Segment Start: MATERIAL FOR THIS TASK

(* Let $\mathcal H$ be a non-binary MMP hypergraph of hypergraph-dimension $n\ge 3$ with $k$ vertices and $l$ hyperedges. Then $\mathcal H$ satisfies the v-inequality $$HI_{cm}\le HI_{cM}\le HI^m_{cM}<HI_q=l .$$
   Context: A hypergraph $\mathcal H=(V,E)$ consists of a finite vertex set $V$ and a family $E$ of subsets of $V$ (hyperedges). An MMP hypergraph of hypergraph-dimension $n\ge3$ is a connected hypergraph in which: every vertex belongs to at least one hyperedge; every hyperedge contains at least $2$ and at most $n$ vertices; no hyperedge shares only one vertex with another hyperedge; and any two hyperedges intersect in at most $n-2$ vertices. Consider assignments of values $0$ and $1$ to the vertices and the two rules: (i) no two vertices within any hyperedge are both assigned $1$; (ii) in every hyperedge not all vertices are assigned $0$. $\mathcal H$ is non-binary if no $0$-$1$ assignment satisfies both (i) and (ii), and binary otherwise. The multiplicity $m(v)$ of a vertex is the number of hyperedges containing it. A classical assignment is a $0$-$1$ assignment satisfying rule (i) in which no further vertex can be switched from $0$ to $1$ without violating (i) (for binary hypergraphs this includes the assignments satisfying (i) and (ii)). The classical vertex index $HI_c$ of a classical assignment is the number of vertices assigned $1$; $HI_{cM}$ and $HI_{cm}$ are its maximum and minimum over classical assignments. The classical multiplexed vertex index $HI^m_c$ of a classical assignment is $\sum_{v \text{ assigned } 1} m(v)$, and $HI^m_{cM}$ is its maximum over classical assignments. The quantum hypergraph index $HI_q$ is the sum over all hyperedges $E_j$ of the detection probabilities $1/\kappa(j)$ of each of the $\kappa(j)$ considered vertices of $E_j$ (a vertex in several hyperedges counted once per hyperedge); it equals $l$. *)

theory Defs
  imports Complex_Main
begin

text \<open>A hypergraph is given by a vertex set V and a set E of hyperedges (subsets of V).
  A 0-1 assignment is represented by the set S of vertices assigned 1.\<close>

definition hg_adj :: "'a set set \<Rightarrow> 'a \<Rightarrow> 'a \<Rightarrow> bool" where
  "hg_adj E u v \<longleftrightarrow> (\<exists>e\<in>E. u \<in> e \<and> v \<in> e)"

definition hg_connected :: "'a set \<Rightarrow> 'a set set \<Rightarrow> bool" where
  "hg_connected V E \<longleftrightarrow> (\<forall>u\<in>V. \<forall>v\<in>V. (hg_adj E)\<^sup>*\<^sup>* u v)"

definition MMP_hypergraph :: "nat \<Rightarrow> 'a set \<Rightarrow> 'a set set \<Rightarrow> bool" where
  "MMP_hypergraph n V E \<longleftrightarrow>
     3 \<le> n \<and> finite V \<and> (\<forall>e\<in>E. e \<subseteq> V) \<and>
     hg_connected V E \<and>
     (\<forall>v\<in>V. \<exists>e\<in>E. v \<in> e) \<and>
     (\<forall>e\<in>E. 2 \<le> card e \<and> card e \<le> n) \<and>
     (\<forall>e\<in>E. \<forall>f\<in>E. e \<noteq> f \<longrightarrow> card (e \<inter> f) \<noteq> 1) \<and>
     (\<forall>e\<in>E. \<forall>f\<in>E. e \<noteq> f \<longrightarrow> card (e \<inter> f) \<le> n - 2)"

definition rule_i :: "'a set set \<Rightarrow> 'a set \<Rightarrow> bool" where
  "rule_i E S \<longleftrightarrow> (\<forall>e\<in>E. \<forall>u\<in>e. \<forall>v\<in>e. u \<in> S \<and> v \<in> S \<longrightarrow> u = v)"

definition rule_ii :: "'a set set \<Rightarrow> 'a set \<Rightarrow> bool" where
  "rule_ii E S \<longleftrightarrow> (\<forall>e\<in>E. \<exists>v\<in>e. v \<in> S)"

definition non_binary :: "'a set \<Rightarrow> 'a set set \<Rightarrow> bool" where
  "non_binary V E \<longleftrightarrow> \<not> (\<exists>S\<subseteq>V. rule_i E S \<and> rule_ii E S)"

definition classical_assignment :: "'a set \<Rightarrow> 'a set set \<Rightarrow> 'a set \<Rightarrow> bool" where
  "classical_assignment V E S \<longleftrightarrow>
     S \<subseteq> V \<and> rule_i E S \<and> (\<forall>v\<in>V - S. \<not> rule_i E (insert v S))"

definition multiplicity :: "'a set set \<Rightarrow> 'a \<Rightarrow> nat" where
  "multiplicity E v = card {e\<in>E. v \<in> e}"

definition HI_cM :: "'a set \<Rightarrow> 'a set set \<Rightarrow> nat" where
  "HI_cM V E = Max {card S | S. classical_assignment V E S}"

definition HI_cm :: "'a set \<Rightarrow> 'a set set \<Rightarrow> nat" where
  "HI_cm V E = Min {card S | S. classical_assignment V E S}"

definition HI_m_cM :: "'a set \<Rightarrow> 'a set set \<Rightarrow> nat" where
  "HI_m_cM V E = Max {(\<Sum>v\<in>S. multiplicity E v) | S. classical_assignment V E S}"

text \<open>Quantum hypergraph index: each vertex of each hyperedge e is detected with
  probability 1/|e|; summed over all hyperedges (vertex counted once per hyperedge).\<close>
definition HI_q :: "'a set set \<Rightarrow> real" where
  "HI_q E = (\<Sum>e\<in>E. \<Sum>v\<in>e. 1 / real (card e))"

end

theory Submission
  imports Defs
begin

text \<open>By double counting, the multiplexed index of an assignment S is the sum over all
  hyperedges e of the number of vertices of e assigned 1. Rule (i) bounds each summand by 1,
  and since no assignment of a non-binary hypergraph satisfies rule (ii), some hyperedge
  contributes 0; hence the multiplexed index is below the number of hyperedges l. Each
  hyperedge contributes total detection probability 1 to the quantum index, so that
  index is l.\<close>

lemma Max_image_le_Max_image:
  fixes f g :: "'a \<Rightarrow> 'b::linorder"
  assumes "finite A" and "A \<noteq> {}" and "\<forall>x\<in>A. f x \<le> g x"
  shows "Max (f ` A) \<le> Max (g ` A)"
  using assms by (auto intro: order_trans[OF _ Max_ge])

lemma finite_hyperedges:
  assumes "finite V" and "\<forall>e\<in>E. e \<subseteq> V"
  shows "finite E"
  using assms by (meson PowI finite_Pow_iff finite_subset subsetI)

lemma sum_multiplicity_eq_sum_card_Int:
  assumes "finite S" and "finite E"
  shows "(\<Sum>v\<in>S. multiplicity E v) = (\<Sum>e\<in>E. card (S \<inter> e))"
proof -
  have "(\<Sum>v\<in>S. multiplicity E v) = (\<Sum>v\<in>S. \<Sum>e\<in>E. if v \<in> e then 1 else 0)"
    unfolding multiplicity_def using assms(2) by (simp add: sum.If_cases Int_def)
  also have "\<dots> = (\<Sum>e\<in>E. \<Sum>v\<in>S. if v \<in> e then 1 else 0)"
    by (rule sum.swap)
  also have "\<dots> = (\<Sum>e\<in>E. card (S \<inter> e))"
    using assms(1) by (simp add: sum.If_cases)
  finally show ?thesis .
qed

lemma card_Int_hyperedge_le_1:
  assumes "rule_i E S" and "e \<in> E" and "finite e"
  shows "card (S \<inter> e) \<le> 1"
  using assms unfolding rule_i_def by (auto simp: card_le_Suc0_iff_eq)

lemma sum_multiplicity_less_card_hyperedges:
  assumes "finite V" and "\<forall>e\<in>E. e \<subseteq> V" and "S \<subseteq> V"
    and "rule_i E S" and "\<not> rule_ii E S"
  shows "(\<Sum>v\<in>S. multiplicity E v) < card E"
proof -
  have "finite E" using assms(1,2) by (rule finite_hyperedges)
  have "finite S" using assms(1,3) by (rule finite_subset[rotated])
  obtain e0 where "e0 \<in> E" and "S \<inter> e0 = {}"
    using assms(5) unfolding rule_ii_def by blast
  have "card (S \<inter> e) \<le> 1" if "e \<in> E" for e
    using assms(2,4) that finite_subset[OF _ assms(1)] by (intro card_Int_hyperedge_le_1) auto
  then have "(\<Sum>e\<in>E. card (S \<inter> e)) < (\<Sum>e\<in>E. 1)"
    using \<open>finite E\<close> \<open>e0 \<in> E\<close> \<open>S \<inter> e0 = {}\<close> by (intro sum_strict_mono_ex1) (auto intro!: bexI[of _ e0])
  then show ?thesis
    using sum_multiplicity_eq_sum_card_Int[OF \<open>finite S\<close> \<open>finite E\<close>] by simp
qed

lemma card_le_sum_multiplicity:
  assumes "finite E" and "S \<subseteq> \<Union>E"
  shows "card S \<le> (\<Sum>v\<in>S. multiplicity E v)"
proof -
  have "1 \<le> multiplicity E v" if "v \<in> S" for v
  proof -
    have "{e\<in>E. v \<in> e} \<noteq> {}" using assms(2) that by blast
    then show ?thesis unfolding multiplicity_def using assms(1) by (simp add: Suc_le_eq card_gt_0_iff)
  qed
  then have "(\<Sum>v\<in>S. 1) \<le> (\<Sum>v\<in>S. multiplicity E v)" by (rule sum_mono)
  then show ?thesis by simp
qed

lemma classical_assignment_exists:
  assumes "finite V"
  shows "\<exists>S. classical_assignment V E S"
proof -
  define I where "I = {S. S \<subseteq> V \<and> rule_i E S}"
  have "finite I" unfolding I_def using assms by simp
  moreover have "{} \<in> I" unfolding I_def rule_i_def by simp
  ultimately obtain S where "S \<in> I" and S_maximal: "\<forall>T\<in>I. S \<le> T \<longrightarrow> S = T"
    using finite_has_maximal by blast
  have "\<not> rule_i E (insert v S)" if "v \<in> V - S" for v
  proof
    assume "rule_i E (insert v S)"
    then have "insert v S \<in> I" using \<open>S \<in> I\<close> that unfolding I_def by simp
    then show False using S_maximal that by blast
  qed
  then show ?thesis using \<open>S \<in> I\<close> unfolding classical_assignment_def I_def by blast
qed

lemma finite_classical_assignments:
  assumes "finite V"
  shows "finite {S. classical_assignment V E S}"
  using assms unfolding classical_assignment_def by simp

lemma HI_q_eq_card:
  assumes "\<forall>e\<in>E. card e \<noteq> 0"
  shows "HI_q E = real (card E)"
proof -
  have "(\<Sum>v\<in>e. 1 / real (card e)) = 1" if "e \<in> E" for e
    using assms that by simp
  then show ?thesis unfolding HI_q_def by simp
qed

theorem lemma4:
  fixes n :: nat and V :: "'a set" and E :: "'a set set"
  assumes "MMP_hypergraph n V E"
    and "non_binary V E"
  shows "HI_cm V E \<le> HI_cM V E \<and> HI_cM V E \<le> HI_m_cM V E
         \<and> real (HI_m_cM V E) < HI_q E \<and> HI_q E = real (card E)"
proof -
  have "finite V" and E_sub: "\<forall>e\<in>E. e \<subseteq> V" and V_covered: "V \<subseteq> \<Union>E"
    and E_card: "\<forall>e\<in>E. 2 \<le> card e"
    using assms(1) unfolding MMP_hypergraph_def by auto
  have "finite E" using \<open>finite V\<close> E_sub by (rule finite_hyperedges)
  define C where "C = {S. classical_assignment V E S}"
  have "finite C" and "C \<noteq> {}"
    unfolding C_def using \<open>finite V\<close> finite_classical_assignments classical_assignment_exists
    by auto
  have C_indep: "S \<subseteq> V \<and> rule_i E S \<and> \<not> rule_ii E S" if "S \<in> C" for S
    using that assms(2) unfolding C_def classical_assignment_def non_binary_def by auto
  have "HI_cm V E \<le> HI_cM V E"
    unfolding HI_cm_def HI_cM_def setcompr_eq_image C_def[symmetric]
    using \<open>finite C\<close> \<open>C \<noteq> {}\<close> by (simp add: Min_le_iff Max_ge_iff)
  moreover have "HI_cM V E \<le> HI_m_cM V E"
    unfolding HI_cM_def HI_m_cM_def setcompr_eq_image C_def[symmetric]
    using \<open>finite C\<close> \<open>C \<noteq> {}\<close> \<open>finite E\<close> V_covered
    by (intro Max_image_le_Max_image) (auto intro!: card_le_sum_multiplicity dest: C_indep)
  moreover have "HI_m_cM V E < card E"
  proof -
    have "(\<Sum>v\<in>S. multiplicity E v) < card E" if "S \<in> C" for S
      using \<open>finite V\<close> E_sub C_indep[OF that] by (intro sum_multiplicity_less_card_hyperedges) auto
    then show ?thesis
      unfolding HI_m_cM_def setcompr_eq_image C_def[symmetric]
      using \<open>finite C\<close> \<open>C \<noteq> {}\<close> by simp
  qed
  moreover have "HI_q E = real (card E)"
    using E_card by (intro HI_q_eq_card) fastforce
  ultimately show ?thesis by simp
qed

end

Segment End: MATERIAL FOR THIS TASK

**WHAT YOU WILL DO:** Repeat exactly the lines of the listing above, from the one with "assms(2) that by blast" down to the one with "ultimately obtain S"; both of those lines belong in the range.

**FINAL ANSWER:**
    have "{e\<in>E. v \<in> e} \<noteq> {}" using assms(2) that by blast
    then show ?thesis unfolding multiplicity_def using assms(1) by (simp add: Suc_le_eq card_gt_0_iff)
  qed
  then have "(\<Sum>v\<in>S. 1) \<le> (\<Sum>v\<in>S. multiplicity E v)" by (rule sum_mono)
  then show ?thesis by simp
qed

lemma classical_assignment_exists:
  assumes "finite V"
  shows "\<exists>S. classical_assignment V E S"
proof -
  define I where "I = {S. S \<subseteq> V \<and> rule_i E S}"
  have "finite I" unfolding I_def using assms by simp
  moreover have "{} \<in> I" unfolding I_def rule_i_def by simp
  ultimately obtain S where "S \<in> I" and S_maximal: "\<forall>T\<in>I. S \<le> T \<longrightarrow> S = T"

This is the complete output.